Oltre alla flessibilità e alla facilità di accesso, i servizi di cloud computing hanno dei benefici in termini ambientali. Il processo di dematerializzazione che permette di realizzare connettendo in modo virtuale più persone ed organizzazioni ha un impatto positivo dal punto di vista dell’uso delle risorse (es. gestione documenti cartacei, CO2 legata ai trasporti ecc.). Lo potremmo definire come un “effetto di sostituzione”. Se prima ad esempio eravamo noi a viaggiare, oggi sono i bit che viaggiano al posto nostro, garantendoci comunque la possibilità di interagire in modo efficace a distanza. Più attività online significano minori attività tradizionali che hanno generalmente un impatto ambientale superiore.

L’impronta ecologica del cloud computing

Tuttavia, questo crescente ricorso al digitale sta portando a una maggiore consapevolezza in merito ad una misurazione più precisa dell’impatto ambientale. Per quanto inferiore rispetto ad attività di tipo tradizionale, i servizi cloud hanno un’impronta ecologica che oggi non può più essere ignorata e che deve essere valutata con crescente attenzione. In fin dei conti ogni video che guardiamo online ha un suo impatto, per quanto piccolo, in termini di produzione di C02. Per non parlare poi dei nuovi servizi basati sull’intelligenza artificiale che, per poter essere messi a punto richiedono un considerevole consumo energetico (Cowls, Tsamados, Taddeo1,2 and Floridi, 2021). Come evidenziato da uno studio recente (Thompson, Greenewald, Lee, Manso, 2020), l’addestramento degli algoritmi di deep learning richiede un’elevata capacità computazionale che si traduce quindi, con le tecnologie attuali, in un elevato dispendio energetico, con un conseguente impatto ambientale.

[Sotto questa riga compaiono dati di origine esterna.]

(* Let $\mathcal{C}$ be a category, $\rho$ a canonical PBPO rule with components $l : K \to L$, $r : K \to R$, $t_L : L \to L'$, $t_K : K \to K'$, $t_R : R \to R'$, $l' : K' \to L'$, $r' : K' \to R'$. Let $G_L$ be an object and let $m' \circ e : L \to G_L$ be a morphism with $m' : L_c \rightarrowtail G_L$ a monomorphism and $e : L \twoheadrightarrow L_c$ an epimorphism, and assume $t_L = t_{L_c} \circ e$ for some (necessarily unique) $t_{L_c} : L_c \to L'$ and that the compacted rule $\rho_e$ exists. Then for all $\alpha : G_L \to L'$ and all objects $G_R$: $G_L \Rightarrow_\rho^{(m' \circ e),\alpha} G_R$ if and only if $G_L \Rightarrow_{\rho_e}^{m',\alpha} G_R$.
   Context: A PBPO rule consists of objects $L,K,R,L',K',R'$ and morphisms $l : K \to L$, $r : K \to R$, $t_L : L \to L'$, $t_K : K \to K'$, $t_R : R \to R'$, $l' : K' \to L'$, $r' : K' \to R'$ with $t_L \circ l = l' \circ t_K$ and $t_R \circ r = r' \circ t_K$. It is canonical if $L \xleftarrow{l} K \xrightarrow{t_K} K'$ is a pullback of $t_L, l'$ and $K' \xrightarrow{r'} R' \xleftarrow{t_R} R$ is a pushout of $t_K, r$. A PBPO rewrite step $G_L \Rightarrow_\rho^{m,\alpha} G_R$ is given by morphisms $m : L \to G_L$, $\alpha : G_L \to L'$ with $t_L = \alpha \circ m$; a pullback $G_L \xleftarrow{g_L} G_K \xrightarrow{u'} K'$ of $\alpha$ and $l'$; the unique $u : K \to G_K$ with $g_L \circ u = m \circ l$ and $u' \circ u = t_K$; a pushout $G_K \xrightarrow{g_R} G_R \xleftarrow{w} R$ of $u$ and $r$; and the unique $w' : G_R \to R'$ with $w' \circ g_R = r' \circ u'$ and $w' \circ w = t_R$. Compacted rule: for a canonical PBPO rule $\rho$ and a factorization $t_L = t_{L_c} \circ e$ with $e : L \to L_c$ epi, let $L_c \xleftarrow{k} K_c \xrightarrow{t_{K_c}} K'$ be a pullback of $t_{L_c}$ and $l'$; let $e_K : K \to K_c$ be the unique morphism with $k \circ e_K = e \circ l$ and $t_{K_c} \circ e_K = t_K$; let $K_c \xrightarrow{r_c} R_c \xleftarrow{e_R} R$ be a pushout of $e_K$ and $r$; and let $t_{R_c} : R_c \to R'$ be the unique morphism with $t_{R_c} \circ r_c = r' \circ t_{K_c}$ and $t_{R_c} \circ e_R = t_R$. The compacted rule $\rho_e$ is the (canonical) PBPO rule with $L_c \xleftarrow{k} K_c \xrightarrow{r_c} R_c$, $L' \xleftarrow{l'} K' \xrightarrow{r'} R'$ and typings $t_{L_c}, t_{K_c}, t_{R_c}$. *)

theory Defs
  imports Main
begin

record ('o, 'a) cat =
  Obj  :: "'o set"
  Arr  :: "'a set"
  Dom  :: "'a \<Rightarrow> 'o"
  Cod  :: "'a \<Rightarrow> 'o"
  Comp :: "'a \<Rightarrow> 'a \<Rightarrow> 'a"   (* Comp C g f  =  g \<circ> f, defined when Cod f = Dom g *)
  Ide  :: "'o \<Rightarrow> 'a"

definition category :: "('o, 'a) cat \<Rightarrow> bool" where
  "category C \<longleftrightarrow>
     (\<forall>f\<in>Arr C. Dom C f \<in> Obj C \<and> Cod C f \<in> Obj C) \<and>
     (\<forall>A\<in>Obj C. Ide C A \<in> Arr C \<and> Dom C (Ide C A) = A \<and> Cod C (Ide C A) = A) \<and>
     (\<forall>f\<in>Arr C. \<forall>g\<in>Arr C. Cod C f = Dom C g \<longrightarrow>
        Comp C g f \<in> Arr C \<and> Dom C (Comp C g f) = Dom C f \<and> Cod C (Comp C g f) = Cod C g) \<and>
     (\<forall>f\<in>Arr C. \<forall>g\<in>Arr C. \<forall>h\<in>Arr C. Cod C f = Dom C g \<longrightarrow> Cod C g = Dom C h \<longrightarrow>
        Comp C h (Comp C g f) = Comp C (Comp C h g) f) \<and>
     (\<forall>f\<in>Arr C. Comp C (Ide C (Cod C f)) f = f \<and> Comp C f (Ide C (Dom C f)) = f)"

definition hom :: "('o, 'a) cat \<Rightarrow> 'a \<Rightarrow> 'o \<Rightarrow> 'o \<Rightarrow> bool" where
  "hom C f A B \<longleftrightarrow> f \<in> Arr C \<and> Dom C f = A \<and> Cod C f = B"

definition is_mono :: "('o, 'a) cat \<Rightarrow> 'a \<Rightarrow> bool" where
  "is_mono C m \<longleftrightarrow> m \<in> Arr C \<and>
     (\<forall>g\<in>Arr C. \<forall>h\<in>Arr C. Cod C g = Dom C m \<longrightarrow> Cod C h = Dom C m \<longrightarrow> Dom C g = Dom C h \<longrightarrow>
        Comp C m g = Comp C m h \<longrightarrow> g = h)"

definition is_epi :: "('o, 'a) cat \<Rightarrow> 'a \<Rightarrow> bool" where
  "is_epi C e \<longleftrightarrow> e \<in> Arr C \<and>
     (\<forall>g\<in>Arr C. \<forall>h\<in>Arr C. Dom C g = Cod C e \<longrightarrow> Dom C h = Cod C e \<longrightarrow> Cod C g = Cod C h \<longrightarrow>
        Comp C g e = Comp C h e \<longrightarrow> g = h)"

definition is_pullback :: "('o, 'a) cat \<Rightarrow> 'a \<Rightarrow> 'a \<Rightarrow> 'a \<Rightarrow> 'a \<Rightarrow> bool" where
  "is_pullback C f g p q \<longleftrightarrow>
     f \<in> Arr C \<and> g \<in> Arr C \<and> p \<in> Arr C \<and> q \<in> Arr C \<and>
     Cod C f = Cod C g \<and> Dom C p = Dom C q \<and> Cod C p = Dom C f \<and> Cod C q = Dom C g \<and>
     Comp C f p = Comp C g q \<and>
     (\<forall>x\<in>Arr C. \<forall>y\<in>Arr C. Cod C x = Dom C f \<longrightarrow> Cod C y = Dom C g \<longrightarrow> Dom C x = Dom C y \<longrightarrow>
        Comp C f x = Comp C g y \<longrightarrow>
        (\<exists>!u. hom C u (Dom C x) (Dom C p) \<and> Comp C p u = x \<and> Comp C q u = y))"

definition is_pushout :: "('o, 'a) cat \<Rightarrow> 'a \<Rightarrow> 'a \<Rightarrow> 'a \<Rightarrow> 'a \<Rightarrow> bool" where
  "is_pushout C f g p q \<longleftrightarrow>
     f \<in> Arr C \<and> g \<in> Arr C \<and> p \<in> Arr C \<and> q \<in> Arr C \<and>
     Dom C f = Dom C g \<and> Cod C p = Cod C q \<and> Dom C p = Cod C f \<and> Dom C q = Cod C g \<and>
     Comp C p f = Comp C q g \<and>
     (\<forall>x\<in>Arr C. \<forall>y\<in>Arr C. Dom C x = Cod C f \<longrightarrow> Dom C y = Cod C g \<longrightarrow> Cod C x = Cod C y \<longrightarrow>
        Comp C x f = Comp C y g \<longrightarrow>
        (\<exists>!u. hom C u (Cod C p) (Cod C x) \<and> Comp C u p = x \<and> Comp C u q = y))"

definition pbpo_rule :: "('o, 'a) cat \<Rightarrow> 'a \<Rightarrow> 'a \<Rightarrow> 'a \<Rightarrow> 'a \<Rightarrow> 'a \<Rightarrow> 'a \<Rightarrow> 'a \<Rightarrow> bool" where
  "pbpo_rule C l r tL tK tR l' r' \<longleftrightarrow>
     l \<in> Arr C \<and> r \<in> Arr C \<and> tL \<in> Arr C \<and> tK \<in> Arr C \<and> tR \<in> Arr C \<and> l' \<in> Arr C \<and> r' \<in> Arr C \<and>
     Dom C r = Dom C l \<and> Dom C tK = Dom C l \<and>
     Dom C tL = Cod C l \<and> Dom C tR = Cod C r \<and>
     Dom C l' = Cod C tK \<and> Dom C r' = Cod C tK \<and>
     Cod C l' = Cod C tL \<and> Cod C r' = Cod C tR \<and>
     Comp C tL l = Comp C l' tK \<and> Comp C tR r = Comp C r' tK"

Nella letteratura scientifica ci sono diversi studi che hanno provato a stimare l’impatto ambientale del digitale. Sebbene le stime prodotte varino molto e non ci sia ad oggi una metodologia condivisa di calcolo, aiutano ad avere una quantificazione. Dal punto di vista della produzione di CO2 confrontando diverse infrastrutture tecnologiche (device individuali, TV, reti, data center), gli studi evidenziano un ruolo importante dei data center con una “forchetta” di MtCO2 stimate nel 2020 che va da 127 a 217 (fonte: Freitag et al. 2020). Il trend di utilizzo dell’energia (TWh) nel decennio 2020-2030 da parte dei data center viene stimato arrivare al 2030 con un valore pare ai 366 (scenario migliore) ovvero 974 (scenario atteso) (fonte: Andrae, 2020). Al 2018 il valore stimato era pari a 205 TWh (fonte: Masanet et al. 2020), pari allo 0,8% della domanda finale globale di elettricità.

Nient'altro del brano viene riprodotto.